Por Roberto Pizarro.-
En su reciente libro, «La Búsqueda de la Seguridad», el economista Joseph Stiglitz nos dice que la globalización ha incrementado la escala y velocidad de los peligros económicos y sociales. Hay mayor inseguridad. Los problemas mundiales rápidamente atraviesan las fronteras. Los países con apertura económica rápida y radical, como Chile, reciben los impactos ineludibles de las crisis en otras latitudes. El último ejemplo fue la debacle de las hipotecas subprime en los Estados Unidos, que afectó seriamente las finanzas y actividad productiva en todo el mundo y que, en América Latina, produjo una fuerte caída del crecimiento económico.
Por otra parte, la globalización ha reducido la capacidad del Estado en el ámbito tributario. Los países emergentes, en vez de ponerse de acuerdo, compiten por reducir tasas para atraer inversiones. Así las cosas, el capital transita a través de las fronteras evitando los lugares en que considera se ejerce mayor presión impositiva y se dirige a aquellos países que le otorgan trato más favorable. Ello se ve favorecido además por los Tratados de Libre Comercio (TLC), los que obligan a un trato privilegiado al capital y a una seguridad jurídica inédita, garantizada por la banca privada internacional, el FMI, el Banco Mundial y la OMC.
Además, esas organizaciones empujan a los países a abolir toda norma que ayude a estabilizar los flujos de capital a través de las fronteras, con efectos traumáticos para la macroeconomía. Lo mismo, sin embargo, no sucede con el trabajo: no existe libre movilidad a través de las fronteras. En consecuencia, el capital alcanza su mayor ganancia donde no hay regulaciones; existen mejores tasas de interés y menos impuestos, pero el trabajo no puede dirigirse libremente a los lugares donde existen los mejores salarios.
Con bajos niveles de captación tributaria, el Estado se minimiza y reduce su capacidad para cumplir con sus funciones de protección de derechos. La apertura económica genera incertidumbre y la desprotección social del Estado la acentúa.
El debilitamiento de la protección social es consecuencia de un Estado frágil, con insuficiente captación impositiva, pero también es resultado de políticas deliberadas de privatización de servicios sociales, convertidos en negocios: salud, educación y previsión.
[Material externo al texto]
(* Let $\mathcal{A}$ be a collection of pairwise non-parallel hyperplanes in $Q=S_1\times\cdots\times S_n$, let $0\le a\le n$, let $\mathbb{P}_a$ be a probability measure on $Q_a$, let $\delta_{a+1},\dots,\delta_n\in[0,1/2]$, and let $\mathbb{P}_k$, $\alpha_k$ be defined as in the context. Then for every $a<k\le n$ and every $t\in\mathbb{N}$, $$\mathbb{E}_{k-1}\big[\alpha_k(x)^t\big]\le\frac{1}{|S_k|^t}\sum_{F_1,\dots,F_t\in\mathcal{N}_k} c\big((F_1\cup\cdots\cup F_t)\cap[a]\big)\cdot\nu\big((F_1\cup\cdots\cup F_t)\cap[a+1,k-1]\big).$$
   Context: $S_1,\dots,S_n$ are finite sets each with at least two elements; $Q_k = S_1\times\cdots\times S_k$. A hyperplane is $A = A_1\times\cdots\times A_n\subseteq Q$ with each $A_k$ either $S_k$ or a singleton in $S_k$; $F(A)=\{k: A_k\text{ is a singleton}\}$; hyperplanes are parallel if they have the same $F$. Hyperplanes in $\mathcal{A}$ have non-empty $F(A)$; write $\mathcal{A}=\{A_F:F\in\mathcal{F}\}$. A set $X\subseteq Q_k$ is identified with $X\times S_{k+1}\times\cdots\times S_n$; a hyperplane with $F(A)\subseteq[k]$ is viewed as a subset of $Q_k$. Let $\mathcal{F}_k=\{F\in\mathcal{F}:F\subseteq[k]\}$, $\mathcal{N}_k=\mathcal{F}_k\setminus\mathcal{F}_{k-1}$, $B_k=\bigcup_{F\in\mathcal{N}_k}A_F\subseteq Q_k$. For $k>a$, given $\mathbb{P}_{k-1}$ on $Q_{k-1}$, let $\alpha_k(x)=|\{y\in S_k:(x,y)\in B_k\}|/|S_k|$ for $x\in Q_{k-1}$, and define $\mathbb{P}_k(x,y)=\max\{0,\frac{\alpha_k(x)-\delta_k}{\alpha_k(x)(1-\delta_k)}\}\frac{\mathbb{P}_{k-1}(x)}{|S_k|}$ if $(x,y)\in B_k$ and $\mathbb{P}_k(x,y)=\min\{\frac{1}{1-\alpha_k(x)},\frac{1}{1-\delta_k}\}\frac{\mathbb{P}_{k-1}(x)}{|S_k|}$ otherwise. $\mathbb{E}_{k-1}$ is expectation over $x\sim\mathbb{P}_{k-1}$. For $I\subseteq[a]$, $c(I)=\max\{\mathbb{P}_a(H):H\text{ a hyperplane in }Q_a\text{ with }F(H)=I\}$ (so $c(\emptyset)=1$); for $J\subseteq[a+1,n]$, $\nu(J)=\prod_{j\in J}\frac{1}{(1-\delta_j)|S_j|}$ (so $\nu(\emptyset)=1$). *)

theory Defs
  imports Complex_Main "HOL-Library.FuncSet"
begin

definition Qk :: "(nat \<Rightarrow> 'a set) \<Rightarrow> nat \<Rightarrow> (nat \<Rightarrow> 'a) set" where
  "Qk S k = PiE {1..k} S"

definition hyp :: "(nat \<Rightarrow> 'a set) \<Rightarrow> nat \<Rightarrow> nat set \<Rightarrow> (nat \<Rightarrow> 'a) \<Rightarrow> (nat \<Rightarrow> 'a) set" where
  "hyp S k F w = {x \<in> Qk S k. \<forall>i\<in>F. x i = w i}"

definition Nk :: "nat set set \<Rightarrow> nat \<Rightarrow> nat set set" where
  "Nk \<F> k = {F \<in> \<F>. F \<subseteq> {1..k} \<and> \<not> F \<subseteq> {1..k-1}}"

text \<open>B_k: union of A_F over F in N_k; A_F is the hyperplane with F(A_F)=F and values v F.\<close>
definition Bk :: "(nat \<Rightarrow> 'a set) \<Rightarrow> nat set set \<Rightarrow> (nat set \<Rightarrow> nat \<Rightarrow> 'a) \<Rightarrow> nat \<Rightarrow> (nat \<Rightarrow> 'a) set" where
  "Bk S \<F> v k = (\<Union>F\<in>Nk \<F> k. hyp S k F (v F))"

definition alpha :: "(nat \<Rightarrow> 'a set) \<Rightarrow> nat set set \<Rightarrow> (nat set \<Rightarrow> nat \<Rightarrow> 'a) \<Rightarrow> nat \<Rightarrow> (nat \<Rightarrow> 'a) \<Rightarrow> real" where
  "alpha S \<F> v k x = real (card {y \<in> S k. x(k := y) \<in> Bk S \<F> v k}) / real (card (S k))"

text \<open>The measures P_k (as probability mass functions on Q_k); P_k = P_a for k \<le> a.\<close>
primrec Pk :: "(nat \<Rightarrow> 'a set) \<Rightarrow> nat set set \<Rightarrow> (nat set \<Rightarrow> nat \<Rightarrow> 'a) \<Rightarrow> (nat \<Rightarrow> real) \<Rightarrow> nat
    \<Rightarrow> ((nat \<Rightarrow> 'a) \<Rightarrow> real) \<Rightarrow> nat \<Rightarrow> ((nat \<Rightarrow> 'a) \<Rightarrow> real)" where
  "Pk S \<F> v \<delta> a Pa 0 = Pa"
| "Pk S \<F> v \<delta> a Pa (Suc j) =
     (if Suc j \<le> a then Pa else
      (\<lambda>z. let x = restrict z {1..j}; al = alpha S \<F> v (Suc j) x in
         (if z \<in> Bk S \<F> v (Suc j)
          then max 0 ((al - \<delta> (Suc j)) / (al * (1 - \<delta> (Suc j))))
          else min (1 / (1 - al)) (1 / (1 - \<delta> (Suc j))))
         * Pk S \<F> v \<delta> a Pa j x / real (card (S (Suc j)))))"

definition cI :: "(nat \<Rightarrow> 'a set) \<Rightarrow> nat \<Rightarrow> ((nat \<Rightarrow> 'a) \<Rightarrow> real) \<Rightarrow> nat set \<Rightarrow> real" where
  "cI S a Pa I = Max ((\<lambda>w. \<Sum>x\<in>hyp S a I w. Pa x) ` PiE I S)"

definition nu :: "(nat \<Rightarrow> 'a set) \<Rightarrow> (nat \<Rightarrow> real) \<Rightarrow> nat set \<Rightarrow> real" where
  "nu S \<delta> J = (\<Prod>j\<in>J. 1 / ((1 - \<delta> j) * real (card (S j))))"

end

theory Submission
  imports Defs
begin

(*
  For x in Q_(k-1), every F in N_k contains k, so A_F meets the fibre of x in at most the single
  point y = v_F(k), and only if x lies on the hyperplane fixing the coordinates F - {k}. Hence
  alpha_k(x) is at most 1/|S_k| times a sum of indicators over N_k, and expanding its t-th power
  gives a sum over t-tuples (F_1, ..., F_t) of indicators of intersections of such hyperplanes;
  each intersection lies in a hyperplane H fixing U = (F_1 u ... u F_t) - {k}.

  It remains to show P_(k-1)(H) <= c(U n [a]) nu(U n [a+1, k-1]), by induction from P_a. Passing
  from P_(j-1) to P_j, a fixed coordinate j costs at most the factor 1/((1 - delta_j) |S_j|), since
  every P_j(x, y) is at most that fraction of P_(j-1)(x), while a free coordinate costs nothing,
  since the weights in the definition of P_j average to at most 1 over the fibre of x.

  The normalisation of P_a and the hypotheses on the family and its values are not needed, and
  delta_j < 1 suffices in place of delta_j <= 1/2.
*)

lemma Qk_Suc: "Qk S (Suc j) = (\<lambda>(y, x). x(Suc j := y)) ` (S (Suc j) \<times> Qk S j)"
  unfolding Qk_def using PiE_insert_eq[of "Suc j" "{1..j}" S]
  by (simp add: atLeastAtMostSuc_conv)

lemma inj_on_fun_upd_Qk: "inj_on (\<lambda>(y, x). x(Suc j := y)) (S (Suc j) \<times> Qk S j)"
  unfolding Qk_def by (rule inj_combinator) simp

lemma restrict_fun_upd_Qk: "x \<in> Qk S j \<Longrightarrow> restrict (x(Suc j := y)) {1..j} = x"
  unfolding Qk_def by (auto simp: restrict_def PiE_def extensional_def fun_eq_iff)

lemma hyp_subset_Qk: "hyp S j U w \<subseteq> Qk S j"
  unfolding hyp_def by auto

lemma fun_upd_in_hyp_Suc_iff:
  assumes "x \<in> Qk S j" "y \<in> S (Suc j)"
  shows "x(Suc j := y) \<in> hyp S (Suc j) U w \<longleftrightarrow>
    x \<in> hyp S j (U - {Suc j}) w \<and> (Suc j \<in> U \<longrightarrow> y = w (Suc j))"
proof -
  have "x(Suc j := y) \<in> Qk S (Suc j)" using assms unfolding Qk_Suc by auto
  then show ?thesis using assms unfolding hyp_def by auto
qed

lemma hyp_Suc:
  "hyp S (Suc j) U w = (\<lambda>(y, x). x(Suc j := y)) `
     ({y \<in> S (Suc j). Suc j \<in> U \<longrightarrow> y = w (Suc j)} \<times> hyp S j (U - {Suc j}) w)"
proof (intro equalityI subsetI)
  fix z assume z: "z \<in> hyp S (Suc j) U w"
  then obtain y x where yx: "z = x(Suc j := y)" "y \<in> S (Suc j)" "x \<in> Qk S j"
    using hyp_subset_Qk[of S "Suc j" U w] unfolding Qk_Suc by auto
  with z show "z \<in> (\<lambda>(y, x). x(Suc j := y)) `
     ({y \<in> S (Suc j). Suc j \<in> U \<longrightarrow> y = w (Suc j)} \<times> hyp S j (U - {Suc j}) w)"
    by (intro image_eqI[of _ _ "(y, x)"]) (simp_all add: fun_upd_in_hyp_Suc_iff)
next
  fix z assume "z \<in> (\<lambda>(y, x). x(Suc j := y)) `
     ({y \<in> S (Suc j). Suc j \<in> U \<longrightarrow> y = w (Suc j)} \<times> hyp S j (U - {Suc j}) w)"
  then show "z \<in> hyp S (Suc j) U w"
    using hyp_subset_Qk by (force simp: fun_upd_in_hyp_Suc_iff)
qed

lemma sum_hyp_Suc:
  "(\<Sum>z\<in>hyp S (Suc j) U w. g z) =
   (\<Sum>x\<in>hyp S j (U - {Suc j}) w. \<Sum>y\<in>{y \<in> S (Suc j). Suc j \<in> U \<longrightarrow> y = w (Suc j)}.
      g (x(Suc j := y)))"
proof -
  let ?Y = "{y \<in> S (Suc j). Suc j \<in> U \<longrightarrow> y = w (Suc j)}"
  have "inj_on (\<lambda>(y, x). x(Suc j := y)) (?Y \<times> hyp S j (U - {Suc j}) w)"
    by (rule inj_on_subset[OF inj_on_fun_upd_Qk]) (auto simp: hyp_def)
  then have "(\<Sum>z\<in>hyp S (Suc j) U w. g z) =
      (\<Sum>(y, x)\<in>?Y \<times> hyp S j (U - {Suc j}) w. g (x(Suc j := y)))"
    unfolding hyp_Suc by (subst sum.reindex) (simp_all add: case_prod_beta)
  also have "\<dots> = (\<Sum>y\<in>?Y. \<Sum>x\<in>hyp S j (U - {Suc j}) w. g (x(Suc j := y)))"
    by (rule sum.cartesian_product[symmetric])
  also have "\<dots> = (\<Sum>x\<in>hyp S j (U - {Suc j}) w. \<Sum>y\<in>?Y. g (x(Suc j := y)))"
    by (rule sum.swap)
  finally show ?thesis .
qed

lemma prod_of_bool_eq:
  "finite A \<Longrightarrow> (\<Prod>x\<in>A. of_bool (P x) :: 'b::comm_semiring_1) = of_bool (\<forall>x\<in>A. P x)"
  by (induction rule: finite_induct) auto

lemma Nk_memD: "F \<in> Nk \<F> k \<Longrightarrow> k \<in> F \<and> F \<subseteq> {1..k}"
  unfolding Nk_def by (cases k) (auto simp: atLeastAtMostSuc_conv)

lemma finite_Nk: "finite (Nk \<F> k)"
  by (rule finite_subset[of _ "Pow {1..k}"]) (auto simp: Nk_def)

lemma alpha_nonneg: "0 \<le> alpha S \<F> v k x"
  unfolding alpha_def by simp

lemma alpha_le_1: "finite (S k) \<Longrightarrow> alpha S \<F> v k x \<le> 1"
  unfolding alpha_def by (cases "card (S k) = 0") (auto simp: divide_le_eq intro!: card_mono)

lemma alpha_le_count_hyp:
  assumes x: "x \<in> Qk S m"
  shows "alpha S \<F> v (Suc m) x
    \<le> (\<Sum>F\<in>Nk \<F> (Suc m). of_bool (x \<in> hyp S m (F - {Suc m}) (v F))) / real (card (S (Suc m)))"
proof -
  define G where "G = Nk \<F> (Suc m) \<inter> {F. x \<in> hyp S m (F - {Suc m}) (v F)}"
  have "{y \<in> S (Suc m). x(Suc m := y) \<in> Bk S \<F> v (Suc m)} \<subseteq> (\<lambda>F. v F (Suc m)) ` G"
  proof
    fix y assume y: "y \<in> {y \<in> S (Suc m). x(Suc m := y) \<in> Bk S \<F> v (Suc m)}"
    then obtain F where F: "F \<in> Nk \<F> (Suc m)" "x(Suc m := y) \<in> hyp S (Suc m) F (v F)"
      unfolding Bk_def by auto
    then have "y = v F (Suc m)" "F \<in> G"
      using Nk_memD[OF F(1)] fun_upd_in_hyp_Suc_iff[OF x] y by (auto simp: G_def)
    then show "y \<in> (\<lambda>F. v F (Suc m)) ` G" by blast
  qed
  moreover have "finite G" using finite_Nk by (simp add: G_def)
  ultimately have "card {y \<in> S (Suc m). x(Suc m := y) \<in> Bk S \<F> v (Suc m)} \<le> card G"
    using card_mono card_image_le le_trans by (metis finite_imageI)
  then show ?thesis
    unfolding alpha_def using finite_Nk by (simp add: G_def divide_right_mono)
qed

lemma Qk_Int_hyp_subset:
  "\<exists>W. Qk S m \<inter> (\<Inter>i\<in>I. hyp S m (G i) (w i)) \<subseteq> hyp S m (\<Union>i\<in>I. G i) W"
proof
  let ?W = "\<lambda>l. w (SOME i. i \<in> I \<and> l \<in> G i) l"
  show "Qk S m \<inter> (\<Inter>i\<in>I. hyp S m (G i) (w i)) \<subseteq> hyp S m (\<Union>i\<in>I. G i) ?W"
  proof
    fix x assume "x \<in> Qk S m \<inter> (\<Inter>i\<in>I. hyp S m (G i) (w i))"
    then have x: "x \<in> Qk S m" and on: "\<And>i l. i \<in> I \<Longrightarrow> l \<in> G i \<Longrightarrow> x l = w i l"
      by (auto simp: hyp_def)
    have "x l = ?W l" if "i \<in> I" "l \<in> G i" for i l
      using someI_ex[of "\<lambda>i. i \<in> I \<and> l \<in> G i"] that on by blast
    then show "x \<in> hyp S m (\<Union>i\<in>I. G i) ?W" using x by (simp add: hyp_def)
  qed
qed

lemma sum_weighted_alpha_power_le:
  assumes "\<And>x. x \<in> Qk S m \<Longrightarrow> 0 \<le> p x"
  shows "(\<Sum>x\<in>Qk S m. p x * alpha S \<F> v (Suc m) x ^ t)
    \<le> 1 / real (card (S (Suc m))) ^ t * (\<Sum>Fs\<in>PiE {..<t} (\<lambda>_. Nk \<F> (Suc m)).
         \<Sum>x\<in>Qk S m. p x * (\<Prod>i<t. of_bool (x \<in> hyp S m (Fs i - {Suc m}) (v (Fs i)))))"
proof -
  let ?s = "real (card (S (Suc m)))"
  let ?on = "\<lambda>F x. of_bool (x \<in> hyp S m (F - {Suc m}) (v F)) :: real"
  have "alpha S \<F> v (Suc m) x ^ t
      \<le> 1 / ?s ^ t * (\<Sum>Fs\<in>PiE {..<t} (\<lambda>_. Nk \<F> (Suc m)). \<Prod>i<t. ?on (Fs i) x)"
    if "x \<in> Qk S m" for x
  proof -
    have "alpha S \<F> v (Suc m) x ^ t \<le> ((\<Sum>F\<in>Nk \<F> (Suc m). ?on F x) / ?s) ^ t"
      using alpha_le_count_hyp[OF that] alpha_nonneg by (rule power_mono)
    also have "\<dots> = 1 / ?s ^ t * (\<Prod>i<t. \<Sum>F\<in>Nk \<F> (Suc m). ?on F x)"
      by (simp add: power_divide)
    also have "(\<Prod>i<t. \<Sum>F\<in>Nk \<F> (Suc m). ?on F x)
        = (\<Sum>Fs\<in>PiE {..<t} (\<lambda>_. Nk \<F> (Suc m)). \<Prod>i<t. ?on (Fs i) x)"
      by (rule prod_sum_PiE) (auto simp: finite_Nk)
    finally show ?thesis .
  qed
  then have "(\<Sum>x\<in>Qk S m. p x * alpha S \<F> v (Suc m) x ^ t) \<le> (\<Sum>x\<in>Qk S m. p x *
      (1 / ?s ^ t * (\<Sum>Fs\<in>PiE {..<t} (\<lambda>_. Nk \<F> (Suc m)). \<Prod>i<t. ?on (Fs i) x)))"
    using assms by (intro sum_mono mult_left_mono) auto
  also have "\<dots> = 1 / ?s ^ t * (\<Sum>Fs\<in>PiE {..<t} (\<lambda>_. Nk \<F> (Suc m)).
         \<Sum>x\<in>Qk S m. p x * (\<Prod>i<t. ?on (Fs i) x))"
    by (simp add: sum_distrib_left mult.left_commute sum.swap[where A = "Qk S m"])
  finally show ?thesis .
qed

definition Pk_factor :: "real \<Rightarrow> real \<Rightarrow> bool \<Rightarrow> real" where
  "Pk_factor al d inB =
    (if inB then max 0 ((al - d) / (al * (1 - d))) else min (1 / (1 - al)) (1 / (1 - d)))"

lemma Pk_self: "Pk S \<F> v \<delta> a Pa a = Pa"
  by (cases a) auto

lemma Pk_Suc_fun_upd:
  assumes "a \<le> j" "x \<in> Qk S j"
  shows "Pk S \<F> v \<delta> a Pa (Suc j) (x(Suc j := y)) =
    Pk_factor (alpha S \<F> v (Suc j) x) (\<delta> (Suc j)) (x(Suc j := y) \<in> Bk S \<F> v (Suc j))
      * Pk S \<F> v \<delta> a Pa j x / real (card (S (Suc j)))"
  using assms restrict_fun_upd_Qk[OF assms(2), of y] by (simp add: Pk_factor_def Let_def)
Chile es un ejemplo representativo de inseguridad social. Los bajos niveles de sindicalización y negociación colectiva han debilitado el trabajo decente. Las jubilaciones son misérrimas y están sujetas a las decisiones de inversión de las AFP. La educación es muy cara. La salud para pobres y sectores medios depende de malos hospitales, atiborrados de enfermos mal atendidos, mientras la salud para ricos (de las Isapres) es cara y discrimina contra las enfermedades preexistentes y las mujeres embarazadas.
El debilitamiento de los sindicatos, en nombre de la flexibilidad laboral, apunta a mejorar la tasa de ganancias del capital, pero ha impuesto elevados costos a las personas, restándoles protecciones ganadas a los largo de su vida laboral y con impacto manifiesto en la pérdida de su seguridad.
El pensamiento neoliberal y sus políticas suponen que la libre movilidad del capital, las bajas tasas impositivas, menores inversiones públicas en bienestar social, el trabajo flexible e incluso la reducción de las protecciones ambientales, mejoran la competitividad de los países y les otorgan mayor agilidad en el marco de la economía global. Y ello favorecería el crecimiento, la eficiencia y el bienestar social.
Stiglitz señala que ésta visión es un profundo error, ya que “… la globalización desenfrenada ha llevado a incrementar la desigualdad y la inseguridad. Y la inseguridad socava la buena disposición de los individuos para emprender actividades de gran rentabilidad con altos riesgos, haciendo que baje el crecimiento”.
En consecuencia, la falta de protección social no sólo tiene un impacto directo en las condiciones de vida de las personas, sino un efecto macroeconómico que no siempre se comprende. En efecto, cuando se deterioran los ingresos de las pensiones y los salarios, se reduce el consumo y el ahorro. Más aún, cuando la educación es muy costosa, gran parte del ingreso familiar se ve vulnerado e incluso comprometido a futuro con costosos créditos. Por otra parte, la falta de protección social impide a los afectados asumir riesgos. Por tanto, un Estado mínimo, que no cumple sus funciones sociales básicas, desalienta a los innovadores, a todos aquellos dispuestos a asumir riegos.
En suma, a diferencia de lo que piensa el pensamiento neoliberal, la globalización ha aumentado la necesidad de protección social. Es necesaria mayor seguridad. La globalización nos plantea el desafío de mantener la estabilidad económica, pero también exige rediseñar la seguridad de las personas. Protecciones sociales adecuadamente diseñadas no sólo pueden aumentar el bienestar social, sino que debieran favorecer mayor producción y crecimiento.